Yes, as we are discussing abstract names here, no unicode symbols, I suggest to use pure Python now.
And please do not use the implicit plus + / -
for features, use boolean 1 / 0 or True / False, as shown above.
Okay, but - would correspond to -1, since we also want to keep the option to render a feature non-applicable, which would then receive the value 0.
Yes, just do not please, use implicit things, like + - that you need to then check for by string matches, if you can make a check for mathematical values directly.
I just created a module that contains literal Python dictionaries, as you had suggested. Is this roughly what you had in mind?
Also, there are some conditional feature mappings, and I am struggling with how to represent them, without relying on implicit notations. For example, the glottal stop is [+cg], but neither glottal sounds nor stops are [+cg] by themselves. There are also some features that only apply to certain natural classes; "strident" for example only applies to fricatives and affricates (and remain underspecified otherwise). Do you have an idea how to transparently represent conditional mappings? I presume that they will be much more important when it comes to encoding vowels, so it would be good to find a sensible representation now.
Let me check :)
How do you intend to parse and create the features from a feature string? I think this question is crucial now.

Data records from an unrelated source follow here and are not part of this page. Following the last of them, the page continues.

(* Let $n\geq 2$ be an integer and let $\mathcal{G}\in\mathbb{EFL}_{n}$ be such that every shared vertex of $\mathcal{G}$ belongs to exactly two defining $n$-cliques of $\mathcal{G}$. Denote the shared vertex common to $Q_i$ and $Q_j$ ($1\le i<j\le n$) by $(i,j)$. (i) If $n$ is even, then the map $c$ on the shared vertices defined by $c\big((i,j)\big)\equiv i+j \pmod{n-1}$ if $j<n$, and $c\big((i,j)\big)\equiv 2i \pmod{n-1}$ if $j=n$, with values in $\{1,\ldots,n-1\}$, is a proper $(n-1)$-colouring of the shared vertices of $\mathcal{G}$ (i.e. any two adjacent shared vertices receive different colours). (ii) If $n$ is odd, then $c\big((i,j)\big)\equiv i+j\pmod{n}$, with values in $\{1,\ldots,n\}$, is a proper $n$-colouring of the shared vertices of $\mathcal{G}$. (iii) $\chi(\mathcal{G})=n$.
   Context: For a positive integer $n$, $\mathbb{EFL}_{n}$ denotes the class of (simple) graphs $G$ that are the union of $n$ cliques $Q_1,\ldots,Q_n$, each of order $n$ (the defining $n$-cliques), such that any two of them intersect in at most one vertex; i.e. $V(G)=\bigcup V(Q_i)$ and $E(G)=\bigcup E(Q_i)$. A vertex belonging to more than one defining $n$-clique is called shared. If $Q_i$ and $Q_j$ ($i<j$) have a common vertex, it is denoted by the ordered pair $(i,j)$. When reducing modulo $t$, the complete residue system used is $\{1,\ldots,t\}$. $\chi$ denotes the chromatic number. *)

theory Defs
  imports Main
begin

text \<open>A graph in EFL_n is given by its n defining n-cliques Q 1, ..., Q n
  (indexed by 1..n); vertices are their union, edges are pairs of distinct
  vertices lying in a common defining clique.\<close>

definition efl :: "nat \<Rightarrow> (nat \<Rightarrow> 'a set) \<Rightarrow> bool" where
  "efl n Q \<longleftrightarrow> (\<forall>i\<in>{1..n}. finite (Q i) \<and> card (Q i) = n) \<and>
     (\<forall>i\<in>{1..n}. \<forall>j\<in>{1..n}. i \<noteq> j \<longrightarrow> card (Q i \<inter> Q j) \<le> 1)"

definition efl_verts :: "nat \<Rightarrow> (nat \<Rightarrow> 'a set) \<Rightarrow> 'a set" where
  "efl_verts n Q = (\<Union>i\<in>{1..n}. Q i)"

definition efl_adj :: "nat \<Rightarrow> (nat \<Rightarrow> 'a set) \<Rightarrow> 'a \<Rightarrow> 'a \<Rightarrow> bool" where
  "efl_adj n Q u v \<longleftrightarrow> u \<noteq> v \<and> (\<exists>i\<in>{1..n}. u \<in> Q i \<and> v \<in> Q i)"

definition cliques_of :: "nat \<Rightarrow> (nat \<Rightarrow> 'a set) \<Rightarrow> 'a \<Rightarrow> nat set" where
  "cliques_of n Q v = {i\<in>{1..n}. v \<in> Q i}"

definition shared :: "nat \<Rightarrow> (nat \<Rightarrow> 'a set) \<Rightarrow> 'a \<Rightarrow> bool" where
  "shared n Q v \<longleftrightarrow> card (cliques_of n Q v) \<ge> 2"

text \<open>For a shared vertex lying in exactly two cliques, its pair (i,j), i<j.\<close>
definition pair_i :: "nat \<Rightarrow> (nat \<Rightarrow> 'a set) \<Rightarrow> 'a \<Rightarrow> nat" where
  "pair_i n Q v = Min (cliques_of n Q v)"
definition pair_j :: "nat \<Rightarrow> (nat \<Rightarrow> 'a set) \<Rightarrow> 'a \<Rightarrow> nat" where
  "pair_j n Q v = Max (cliques_of n Q v)"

I suppose, you want to start from some base features and from there you then want to get a first vector, which you then expand, based on additional features.
What you may of course also consider to do is to start from the feature set, or the "name" that we provide for clts.
So if you start with a simple example like:
>>> from pyclts import CLTS
>>> bipa = CLTS().bipa
>>> sound = bipa['ʔʰ']
>>> sound.name
'aspirated voiceless glottal stop consonant'
For consonants (the type is something you should check explicitly, as this is so easy to do), you could start in the following way:
def lookup_features(sound_name, lookup):
if sound_name in lookup:
return lookup[sound_name]
base_sound = sound_name.split()[-3:] # "glottal stop consonant" as a fictive base
if base_sound in lookup:
vec = lookup[base_sound]
rest = name.split(" ")[:-3]
else:
vec = lookup[name.split(" ")[-1] # "consonant"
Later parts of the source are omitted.